[Source records]
###
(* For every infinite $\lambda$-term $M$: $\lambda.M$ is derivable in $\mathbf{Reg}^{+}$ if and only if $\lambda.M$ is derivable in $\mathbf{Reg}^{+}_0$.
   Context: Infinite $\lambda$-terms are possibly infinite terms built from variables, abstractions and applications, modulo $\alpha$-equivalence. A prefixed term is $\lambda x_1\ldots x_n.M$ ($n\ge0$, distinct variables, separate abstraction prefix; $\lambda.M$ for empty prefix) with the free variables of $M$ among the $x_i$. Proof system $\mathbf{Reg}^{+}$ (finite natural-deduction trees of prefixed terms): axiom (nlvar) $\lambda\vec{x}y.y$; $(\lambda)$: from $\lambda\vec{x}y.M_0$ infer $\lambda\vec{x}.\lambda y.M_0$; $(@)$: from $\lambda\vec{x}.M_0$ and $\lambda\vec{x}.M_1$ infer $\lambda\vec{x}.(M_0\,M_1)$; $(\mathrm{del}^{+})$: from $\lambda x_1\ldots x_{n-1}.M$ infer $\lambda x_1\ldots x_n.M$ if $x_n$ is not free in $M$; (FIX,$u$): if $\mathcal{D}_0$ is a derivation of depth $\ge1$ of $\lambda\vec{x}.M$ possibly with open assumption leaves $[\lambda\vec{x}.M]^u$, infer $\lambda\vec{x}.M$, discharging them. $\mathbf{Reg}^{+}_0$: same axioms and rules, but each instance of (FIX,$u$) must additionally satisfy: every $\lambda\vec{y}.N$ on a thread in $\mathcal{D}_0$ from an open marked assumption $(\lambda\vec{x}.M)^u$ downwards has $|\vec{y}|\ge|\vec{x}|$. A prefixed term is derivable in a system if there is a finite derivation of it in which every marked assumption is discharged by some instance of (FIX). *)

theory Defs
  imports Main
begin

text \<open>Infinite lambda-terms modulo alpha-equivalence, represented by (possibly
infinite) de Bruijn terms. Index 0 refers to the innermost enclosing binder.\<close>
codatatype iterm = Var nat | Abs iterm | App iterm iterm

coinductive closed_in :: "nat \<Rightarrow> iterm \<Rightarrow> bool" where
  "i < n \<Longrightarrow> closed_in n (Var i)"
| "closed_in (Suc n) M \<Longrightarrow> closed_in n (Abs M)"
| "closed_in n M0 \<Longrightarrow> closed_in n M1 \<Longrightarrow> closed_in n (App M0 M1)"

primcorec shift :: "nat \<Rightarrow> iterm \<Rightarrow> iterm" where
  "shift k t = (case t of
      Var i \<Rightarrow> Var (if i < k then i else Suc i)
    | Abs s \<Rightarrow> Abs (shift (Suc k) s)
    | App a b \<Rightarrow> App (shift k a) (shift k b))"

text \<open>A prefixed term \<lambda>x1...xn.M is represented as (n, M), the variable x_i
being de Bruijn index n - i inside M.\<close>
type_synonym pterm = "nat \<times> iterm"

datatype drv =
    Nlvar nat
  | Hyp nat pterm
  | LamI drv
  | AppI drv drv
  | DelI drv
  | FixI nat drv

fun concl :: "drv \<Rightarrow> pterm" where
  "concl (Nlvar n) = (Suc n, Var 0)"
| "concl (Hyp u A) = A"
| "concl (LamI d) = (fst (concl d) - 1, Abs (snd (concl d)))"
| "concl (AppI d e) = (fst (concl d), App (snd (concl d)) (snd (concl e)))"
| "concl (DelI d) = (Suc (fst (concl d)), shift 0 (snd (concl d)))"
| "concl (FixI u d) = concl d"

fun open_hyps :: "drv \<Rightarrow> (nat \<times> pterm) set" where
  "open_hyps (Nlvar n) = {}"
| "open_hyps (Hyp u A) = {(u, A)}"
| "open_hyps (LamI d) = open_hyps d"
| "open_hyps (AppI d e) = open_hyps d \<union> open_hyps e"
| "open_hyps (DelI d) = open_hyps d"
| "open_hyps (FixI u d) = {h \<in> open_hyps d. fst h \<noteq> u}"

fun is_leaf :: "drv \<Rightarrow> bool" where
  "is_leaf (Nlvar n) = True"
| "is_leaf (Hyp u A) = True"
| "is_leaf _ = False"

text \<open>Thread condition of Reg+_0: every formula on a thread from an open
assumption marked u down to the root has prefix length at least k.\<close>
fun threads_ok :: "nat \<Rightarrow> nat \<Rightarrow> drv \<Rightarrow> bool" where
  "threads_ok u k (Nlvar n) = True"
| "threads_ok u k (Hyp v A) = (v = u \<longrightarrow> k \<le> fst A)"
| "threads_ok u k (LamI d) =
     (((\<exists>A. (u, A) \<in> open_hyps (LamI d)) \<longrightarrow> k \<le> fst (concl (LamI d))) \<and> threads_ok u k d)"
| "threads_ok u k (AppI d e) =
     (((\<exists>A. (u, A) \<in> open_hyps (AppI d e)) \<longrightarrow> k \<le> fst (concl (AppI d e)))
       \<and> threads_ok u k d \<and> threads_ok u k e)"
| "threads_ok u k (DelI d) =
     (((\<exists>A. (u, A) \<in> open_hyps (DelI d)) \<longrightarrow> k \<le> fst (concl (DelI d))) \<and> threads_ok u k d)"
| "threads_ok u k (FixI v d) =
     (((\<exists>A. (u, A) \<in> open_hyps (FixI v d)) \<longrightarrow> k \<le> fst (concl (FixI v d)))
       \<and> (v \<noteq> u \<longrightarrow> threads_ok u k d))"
###
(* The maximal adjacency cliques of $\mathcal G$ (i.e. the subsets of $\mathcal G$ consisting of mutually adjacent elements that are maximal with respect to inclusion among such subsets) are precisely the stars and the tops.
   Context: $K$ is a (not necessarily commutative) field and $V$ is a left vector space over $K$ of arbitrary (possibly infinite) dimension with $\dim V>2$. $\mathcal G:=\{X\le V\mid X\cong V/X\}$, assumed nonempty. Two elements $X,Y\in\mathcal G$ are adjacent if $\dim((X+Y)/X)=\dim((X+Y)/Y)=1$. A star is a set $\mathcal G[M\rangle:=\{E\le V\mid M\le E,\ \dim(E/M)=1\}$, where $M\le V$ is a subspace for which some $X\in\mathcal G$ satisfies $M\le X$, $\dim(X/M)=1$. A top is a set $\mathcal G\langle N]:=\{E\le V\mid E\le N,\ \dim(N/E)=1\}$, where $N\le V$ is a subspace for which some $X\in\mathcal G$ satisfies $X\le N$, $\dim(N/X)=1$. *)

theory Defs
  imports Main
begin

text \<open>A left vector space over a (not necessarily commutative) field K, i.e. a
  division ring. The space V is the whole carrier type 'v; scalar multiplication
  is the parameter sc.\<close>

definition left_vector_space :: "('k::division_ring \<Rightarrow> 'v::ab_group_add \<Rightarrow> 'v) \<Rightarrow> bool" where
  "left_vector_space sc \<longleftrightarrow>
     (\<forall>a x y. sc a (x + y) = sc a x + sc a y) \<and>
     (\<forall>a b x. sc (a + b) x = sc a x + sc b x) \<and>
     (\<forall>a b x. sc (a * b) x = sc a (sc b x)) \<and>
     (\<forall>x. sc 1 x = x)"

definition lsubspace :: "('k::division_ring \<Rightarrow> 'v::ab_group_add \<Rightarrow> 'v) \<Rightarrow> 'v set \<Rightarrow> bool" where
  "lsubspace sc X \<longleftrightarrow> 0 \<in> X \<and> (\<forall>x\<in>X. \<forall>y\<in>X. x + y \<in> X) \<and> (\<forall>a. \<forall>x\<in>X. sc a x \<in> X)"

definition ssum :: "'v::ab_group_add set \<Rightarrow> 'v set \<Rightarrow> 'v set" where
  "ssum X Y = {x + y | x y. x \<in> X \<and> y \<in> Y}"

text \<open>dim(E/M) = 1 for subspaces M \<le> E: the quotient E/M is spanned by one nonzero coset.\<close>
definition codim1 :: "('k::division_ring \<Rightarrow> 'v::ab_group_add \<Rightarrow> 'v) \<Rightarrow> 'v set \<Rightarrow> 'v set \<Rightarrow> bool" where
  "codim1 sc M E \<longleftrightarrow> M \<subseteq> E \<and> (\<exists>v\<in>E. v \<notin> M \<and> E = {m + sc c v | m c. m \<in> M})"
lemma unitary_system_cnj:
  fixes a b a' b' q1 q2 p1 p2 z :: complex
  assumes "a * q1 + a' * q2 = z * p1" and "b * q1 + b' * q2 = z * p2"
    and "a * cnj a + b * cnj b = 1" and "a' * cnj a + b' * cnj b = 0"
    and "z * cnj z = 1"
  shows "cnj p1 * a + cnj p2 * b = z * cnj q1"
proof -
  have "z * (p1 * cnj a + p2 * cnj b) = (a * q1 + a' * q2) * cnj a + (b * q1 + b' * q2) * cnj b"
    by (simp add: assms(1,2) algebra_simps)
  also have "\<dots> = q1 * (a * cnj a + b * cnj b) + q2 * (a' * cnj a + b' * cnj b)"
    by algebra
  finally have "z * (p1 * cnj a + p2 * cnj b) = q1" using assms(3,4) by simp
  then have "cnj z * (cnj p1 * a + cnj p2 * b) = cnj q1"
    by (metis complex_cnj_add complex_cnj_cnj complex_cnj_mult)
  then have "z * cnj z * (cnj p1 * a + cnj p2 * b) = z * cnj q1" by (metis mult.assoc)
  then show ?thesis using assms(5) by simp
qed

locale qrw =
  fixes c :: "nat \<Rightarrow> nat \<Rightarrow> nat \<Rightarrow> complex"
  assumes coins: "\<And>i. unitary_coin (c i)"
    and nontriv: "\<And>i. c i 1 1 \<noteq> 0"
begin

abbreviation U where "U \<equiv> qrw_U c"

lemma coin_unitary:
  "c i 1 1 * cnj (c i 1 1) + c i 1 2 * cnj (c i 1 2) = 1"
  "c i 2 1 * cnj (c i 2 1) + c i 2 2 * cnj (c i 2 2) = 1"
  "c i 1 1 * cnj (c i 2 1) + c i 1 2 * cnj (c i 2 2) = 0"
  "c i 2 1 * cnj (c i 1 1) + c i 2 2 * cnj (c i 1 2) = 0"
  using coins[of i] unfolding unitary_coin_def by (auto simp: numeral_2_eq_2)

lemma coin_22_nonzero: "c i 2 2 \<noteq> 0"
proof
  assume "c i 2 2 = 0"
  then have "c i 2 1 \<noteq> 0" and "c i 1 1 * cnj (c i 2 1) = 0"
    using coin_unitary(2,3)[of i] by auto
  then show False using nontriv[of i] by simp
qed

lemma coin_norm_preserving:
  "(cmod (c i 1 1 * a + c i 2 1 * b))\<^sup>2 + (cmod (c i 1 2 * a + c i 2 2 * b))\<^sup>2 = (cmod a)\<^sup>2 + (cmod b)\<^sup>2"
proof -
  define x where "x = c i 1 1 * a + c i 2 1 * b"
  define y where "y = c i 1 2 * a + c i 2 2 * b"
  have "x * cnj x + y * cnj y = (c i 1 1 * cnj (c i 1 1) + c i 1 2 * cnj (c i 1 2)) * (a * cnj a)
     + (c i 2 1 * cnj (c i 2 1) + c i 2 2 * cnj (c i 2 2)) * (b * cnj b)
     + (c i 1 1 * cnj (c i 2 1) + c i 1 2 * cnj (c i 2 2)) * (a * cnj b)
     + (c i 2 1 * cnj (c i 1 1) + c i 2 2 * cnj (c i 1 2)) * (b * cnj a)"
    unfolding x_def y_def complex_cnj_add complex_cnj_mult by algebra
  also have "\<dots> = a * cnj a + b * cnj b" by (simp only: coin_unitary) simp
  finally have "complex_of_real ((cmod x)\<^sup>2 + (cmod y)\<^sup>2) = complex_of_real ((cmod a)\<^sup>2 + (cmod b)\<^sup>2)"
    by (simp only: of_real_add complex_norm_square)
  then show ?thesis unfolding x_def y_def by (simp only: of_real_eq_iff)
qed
###
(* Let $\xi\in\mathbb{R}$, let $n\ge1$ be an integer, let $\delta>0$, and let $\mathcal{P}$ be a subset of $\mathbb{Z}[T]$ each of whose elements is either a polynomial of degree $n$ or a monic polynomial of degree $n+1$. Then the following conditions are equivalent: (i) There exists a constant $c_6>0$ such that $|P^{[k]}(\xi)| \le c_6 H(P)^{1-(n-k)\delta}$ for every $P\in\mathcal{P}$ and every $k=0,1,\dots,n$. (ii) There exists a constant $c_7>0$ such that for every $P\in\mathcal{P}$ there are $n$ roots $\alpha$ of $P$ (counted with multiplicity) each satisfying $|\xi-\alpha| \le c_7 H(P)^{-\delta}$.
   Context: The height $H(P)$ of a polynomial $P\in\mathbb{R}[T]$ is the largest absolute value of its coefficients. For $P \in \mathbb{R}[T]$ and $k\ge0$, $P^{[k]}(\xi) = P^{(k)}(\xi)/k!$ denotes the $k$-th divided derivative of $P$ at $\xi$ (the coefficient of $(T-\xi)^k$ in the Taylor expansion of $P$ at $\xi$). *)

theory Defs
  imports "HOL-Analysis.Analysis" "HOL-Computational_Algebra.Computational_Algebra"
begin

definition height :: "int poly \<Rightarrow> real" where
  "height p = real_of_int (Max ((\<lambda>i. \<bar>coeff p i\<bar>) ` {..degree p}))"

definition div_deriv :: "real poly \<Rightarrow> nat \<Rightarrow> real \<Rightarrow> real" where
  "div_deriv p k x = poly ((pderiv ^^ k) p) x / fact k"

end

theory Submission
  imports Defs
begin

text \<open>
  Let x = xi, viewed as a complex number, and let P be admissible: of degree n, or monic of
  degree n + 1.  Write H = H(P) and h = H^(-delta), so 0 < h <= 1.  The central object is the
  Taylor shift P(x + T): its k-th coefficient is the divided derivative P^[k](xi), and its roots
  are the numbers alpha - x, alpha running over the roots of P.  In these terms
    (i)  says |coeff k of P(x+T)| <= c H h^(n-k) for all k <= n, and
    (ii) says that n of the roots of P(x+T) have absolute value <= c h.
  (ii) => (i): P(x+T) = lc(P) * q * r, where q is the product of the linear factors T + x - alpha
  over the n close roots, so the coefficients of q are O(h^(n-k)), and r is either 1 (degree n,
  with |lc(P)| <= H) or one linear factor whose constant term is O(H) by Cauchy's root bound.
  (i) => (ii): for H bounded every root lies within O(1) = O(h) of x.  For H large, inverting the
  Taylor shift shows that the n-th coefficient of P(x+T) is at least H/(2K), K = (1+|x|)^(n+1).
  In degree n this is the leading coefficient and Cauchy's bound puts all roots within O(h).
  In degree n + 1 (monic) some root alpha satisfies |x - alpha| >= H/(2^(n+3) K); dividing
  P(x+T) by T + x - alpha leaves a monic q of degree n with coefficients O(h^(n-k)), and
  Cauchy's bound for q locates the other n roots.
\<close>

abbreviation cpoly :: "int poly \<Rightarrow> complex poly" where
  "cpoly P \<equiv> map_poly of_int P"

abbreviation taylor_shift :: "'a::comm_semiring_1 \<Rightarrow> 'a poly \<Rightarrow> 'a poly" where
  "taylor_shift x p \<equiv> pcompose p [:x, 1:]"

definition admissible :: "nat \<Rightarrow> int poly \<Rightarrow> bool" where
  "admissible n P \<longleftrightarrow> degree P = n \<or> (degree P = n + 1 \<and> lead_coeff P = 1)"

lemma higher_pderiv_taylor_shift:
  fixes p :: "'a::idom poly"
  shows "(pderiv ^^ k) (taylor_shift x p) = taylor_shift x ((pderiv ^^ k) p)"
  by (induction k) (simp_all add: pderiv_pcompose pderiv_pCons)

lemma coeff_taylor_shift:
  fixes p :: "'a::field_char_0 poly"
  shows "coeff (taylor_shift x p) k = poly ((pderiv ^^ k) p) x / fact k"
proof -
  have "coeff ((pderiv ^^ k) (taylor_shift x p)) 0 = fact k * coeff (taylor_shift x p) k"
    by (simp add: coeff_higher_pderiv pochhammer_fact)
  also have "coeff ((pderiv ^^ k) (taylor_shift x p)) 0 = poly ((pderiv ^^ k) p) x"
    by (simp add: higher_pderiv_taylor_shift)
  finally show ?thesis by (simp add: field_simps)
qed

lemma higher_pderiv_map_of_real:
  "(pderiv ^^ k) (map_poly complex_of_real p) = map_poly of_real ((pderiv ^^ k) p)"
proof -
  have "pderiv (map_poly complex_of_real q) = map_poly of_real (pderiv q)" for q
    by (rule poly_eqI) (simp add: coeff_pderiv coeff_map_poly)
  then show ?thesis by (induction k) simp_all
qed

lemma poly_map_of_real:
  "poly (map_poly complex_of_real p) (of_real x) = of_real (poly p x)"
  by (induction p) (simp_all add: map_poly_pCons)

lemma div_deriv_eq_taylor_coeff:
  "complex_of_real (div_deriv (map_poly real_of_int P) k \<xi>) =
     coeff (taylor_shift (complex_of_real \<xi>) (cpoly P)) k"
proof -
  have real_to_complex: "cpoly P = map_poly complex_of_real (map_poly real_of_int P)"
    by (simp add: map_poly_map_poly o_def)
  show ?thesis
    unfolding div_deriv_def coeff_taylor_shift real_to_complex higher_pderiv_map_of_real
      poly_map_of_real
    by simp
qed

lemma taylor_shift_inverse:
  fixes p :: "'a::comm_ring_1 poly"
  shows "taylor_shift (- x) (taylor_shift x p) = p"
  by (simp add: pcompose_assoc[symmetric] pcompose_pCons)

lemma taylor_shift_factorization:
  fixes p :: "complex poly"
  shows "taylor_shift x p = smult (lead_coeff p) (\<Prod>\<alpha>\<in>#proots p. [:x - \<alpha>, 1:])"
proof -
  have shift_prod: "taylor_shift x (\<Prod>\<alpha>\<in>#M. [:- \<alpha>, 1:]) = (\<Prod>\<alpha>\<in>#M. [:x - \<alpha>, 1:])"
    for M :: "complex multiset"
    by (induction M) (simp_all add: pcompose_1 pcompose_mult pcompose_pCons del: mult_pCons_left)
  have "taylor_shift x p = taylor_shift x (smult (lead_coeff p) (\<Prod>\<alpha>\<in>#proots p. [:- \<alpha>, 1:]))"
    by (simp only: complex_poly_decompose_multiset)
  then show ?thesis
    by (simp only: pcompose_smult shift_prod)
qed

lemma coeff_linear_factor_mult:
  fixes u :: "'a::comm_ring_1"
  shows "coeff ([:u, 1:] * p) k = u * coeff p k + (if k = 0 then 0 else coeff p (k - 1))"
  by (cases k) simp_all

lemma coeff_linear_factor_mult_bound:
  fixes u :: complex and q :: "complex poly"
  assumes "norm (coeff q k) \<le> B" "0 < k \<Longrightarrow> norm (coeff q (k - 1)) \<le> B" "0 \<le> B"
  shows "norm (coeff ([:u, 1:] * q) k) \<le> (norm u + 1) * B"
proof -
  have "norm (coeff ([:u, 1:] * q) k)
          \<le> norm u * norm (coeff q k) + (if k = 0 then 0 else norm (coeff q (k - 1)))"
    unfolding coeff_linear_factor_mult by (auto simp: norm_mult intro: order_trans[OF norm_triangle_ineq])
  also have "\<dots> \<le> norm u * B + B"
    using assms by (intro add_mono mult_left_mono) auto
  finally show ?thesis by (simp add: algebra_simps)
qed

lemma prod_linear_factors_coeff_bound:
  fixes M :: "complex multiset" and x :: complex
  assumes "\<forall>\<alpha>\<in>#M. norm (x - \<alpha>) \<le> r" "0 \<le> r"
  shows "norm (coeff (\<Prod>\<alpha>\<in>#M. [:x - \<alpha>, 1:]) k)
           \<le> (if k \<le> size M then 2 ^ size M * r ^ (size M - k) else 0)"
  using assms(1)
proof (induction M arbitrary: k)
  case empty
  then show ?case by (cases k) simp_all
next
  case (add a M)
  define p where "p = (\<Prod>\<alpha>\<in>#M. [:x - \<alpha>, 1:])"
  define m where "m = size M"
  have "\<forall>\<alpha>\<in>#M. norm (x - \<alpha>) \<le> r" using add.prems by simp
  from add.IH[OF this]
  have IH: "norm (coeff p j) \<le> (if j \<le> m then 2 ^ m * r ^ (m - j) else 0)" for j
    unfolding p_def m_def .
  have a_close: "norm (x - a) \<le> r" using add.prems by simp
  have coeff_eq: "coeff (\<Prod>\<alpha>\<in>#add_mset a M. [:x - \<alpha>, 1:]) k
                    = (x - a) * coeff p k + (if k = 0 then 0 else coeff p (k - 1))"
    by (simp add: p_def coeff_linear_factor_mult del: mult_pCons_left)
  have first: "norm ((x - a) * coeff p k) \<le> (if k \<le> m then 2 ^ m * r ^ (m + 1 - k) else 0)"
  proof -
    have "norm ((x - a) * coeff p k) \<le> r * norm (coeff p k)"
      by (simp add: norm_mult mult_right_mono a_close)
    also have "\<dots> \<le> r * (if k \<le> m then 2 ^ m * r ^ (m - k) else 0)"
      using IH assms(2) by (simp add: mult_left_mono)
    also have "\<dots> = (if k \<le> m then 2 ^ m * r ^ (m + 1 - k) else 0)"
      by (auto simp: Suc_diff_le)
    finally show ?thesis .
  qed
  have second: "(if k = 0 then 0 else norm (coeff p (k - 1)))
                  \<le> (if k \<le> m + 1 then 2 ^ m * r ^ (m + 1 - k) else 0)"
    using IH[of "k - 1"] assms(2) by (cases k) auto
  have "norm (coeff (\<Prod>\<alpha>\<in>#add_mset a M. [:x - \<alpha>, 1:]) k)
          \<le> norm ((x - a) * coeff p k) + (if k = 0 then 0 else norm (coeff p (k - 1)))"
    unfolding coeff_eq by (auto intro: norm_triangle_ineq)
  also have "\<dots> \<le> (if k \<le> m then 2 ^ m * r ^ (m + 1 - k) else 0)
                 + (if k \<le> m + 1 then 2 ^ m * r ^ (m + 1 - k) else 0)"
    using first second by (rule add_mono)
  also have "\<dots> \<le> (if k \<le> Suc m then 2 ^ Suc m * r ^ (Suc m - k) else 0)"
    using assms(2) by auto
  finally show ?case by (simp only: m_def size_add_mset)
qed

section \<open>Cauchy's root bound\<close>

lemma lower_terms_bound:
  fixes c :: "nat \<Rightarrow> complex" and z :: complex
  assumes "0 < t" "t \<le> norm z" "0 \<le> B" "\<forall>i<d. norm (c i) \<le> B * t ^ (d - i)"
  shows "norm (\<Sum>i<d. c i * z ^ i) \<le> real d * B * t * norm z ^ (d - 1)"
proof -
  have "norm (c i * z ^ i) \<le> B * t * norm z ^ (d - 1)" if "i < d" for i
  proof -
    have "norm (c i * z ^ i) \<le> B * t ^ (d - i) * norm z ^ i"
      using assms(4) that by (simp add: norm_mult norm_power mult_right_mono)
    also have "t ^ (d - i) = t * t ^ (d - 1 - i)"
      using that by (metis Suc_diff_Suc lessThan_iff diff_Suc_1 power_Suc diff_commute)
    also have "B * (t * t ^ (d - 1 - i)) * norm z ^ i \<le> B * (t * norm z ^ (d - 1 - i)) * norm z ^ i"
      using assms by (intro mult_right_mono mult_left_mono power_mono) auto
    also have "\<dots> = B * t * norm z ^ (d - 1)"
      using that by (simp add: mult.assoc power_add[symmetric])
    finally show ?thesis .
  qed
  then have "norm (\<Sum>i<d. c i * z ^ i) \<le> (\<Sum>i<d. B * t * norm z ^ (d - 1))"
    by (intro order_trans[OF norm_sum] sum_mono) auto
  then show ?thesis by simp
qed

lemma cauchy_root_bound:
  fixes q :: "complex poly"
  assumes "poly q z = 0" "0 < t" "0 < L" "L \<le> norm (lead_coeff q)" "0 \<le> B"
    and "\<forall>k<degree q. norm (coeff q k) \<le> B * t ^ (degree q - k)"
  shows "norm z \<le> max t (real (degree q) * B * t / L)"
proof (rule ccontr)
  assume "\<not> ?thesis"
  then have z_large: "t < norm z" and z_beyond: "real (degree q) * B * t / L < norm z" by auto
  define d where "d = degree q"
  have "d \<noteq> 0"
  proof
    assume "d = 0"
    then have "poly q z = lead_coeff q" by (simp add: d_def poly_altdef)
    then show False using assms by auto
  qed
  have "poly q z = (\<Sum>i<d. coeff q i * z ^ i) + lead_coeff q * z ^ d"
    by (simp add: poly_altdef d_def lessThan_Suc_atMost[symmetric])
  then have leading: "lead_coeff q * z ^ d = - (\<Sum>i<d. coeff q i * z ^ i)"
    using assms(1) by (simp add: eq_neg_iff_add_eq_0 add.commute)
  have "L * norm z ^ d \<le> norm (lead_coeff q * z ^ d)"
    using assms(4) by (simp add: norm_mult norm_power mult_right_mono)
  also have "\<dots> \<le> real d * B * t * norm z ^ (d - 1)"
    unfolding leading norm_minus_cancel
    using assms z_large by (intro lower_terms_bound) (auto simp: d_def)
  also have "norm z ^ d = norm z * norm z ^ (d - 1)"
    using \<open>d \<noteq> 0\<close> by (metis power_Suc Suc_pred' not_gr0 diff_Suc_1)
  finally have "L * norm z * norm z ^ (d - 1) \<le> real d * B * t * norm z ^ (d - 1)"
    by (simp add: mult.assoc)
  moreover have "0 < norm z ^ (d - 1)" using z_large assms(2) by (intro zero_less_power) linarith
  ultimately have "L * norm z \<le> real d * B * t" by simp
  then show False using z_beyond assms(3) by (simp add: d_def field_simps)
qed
###
Assignment: The answer must consist of every line from the entries that holds the string "DelI".

Answer below:
  | DelI drv
| "concl (DelI d) = (Suc (fst (concl d)), shift 0 (snd (concl d)))"
| "open_hyps (DelI d) = open_hyps d"
| "threads_ok u k (DelI d) =
     (((\<exists>A. (u, A) \<in> open_hyps (DelI d)) \<longrightarrow> k \<le> fst (concl (DelI d))) \<and> threads_ok u k d)"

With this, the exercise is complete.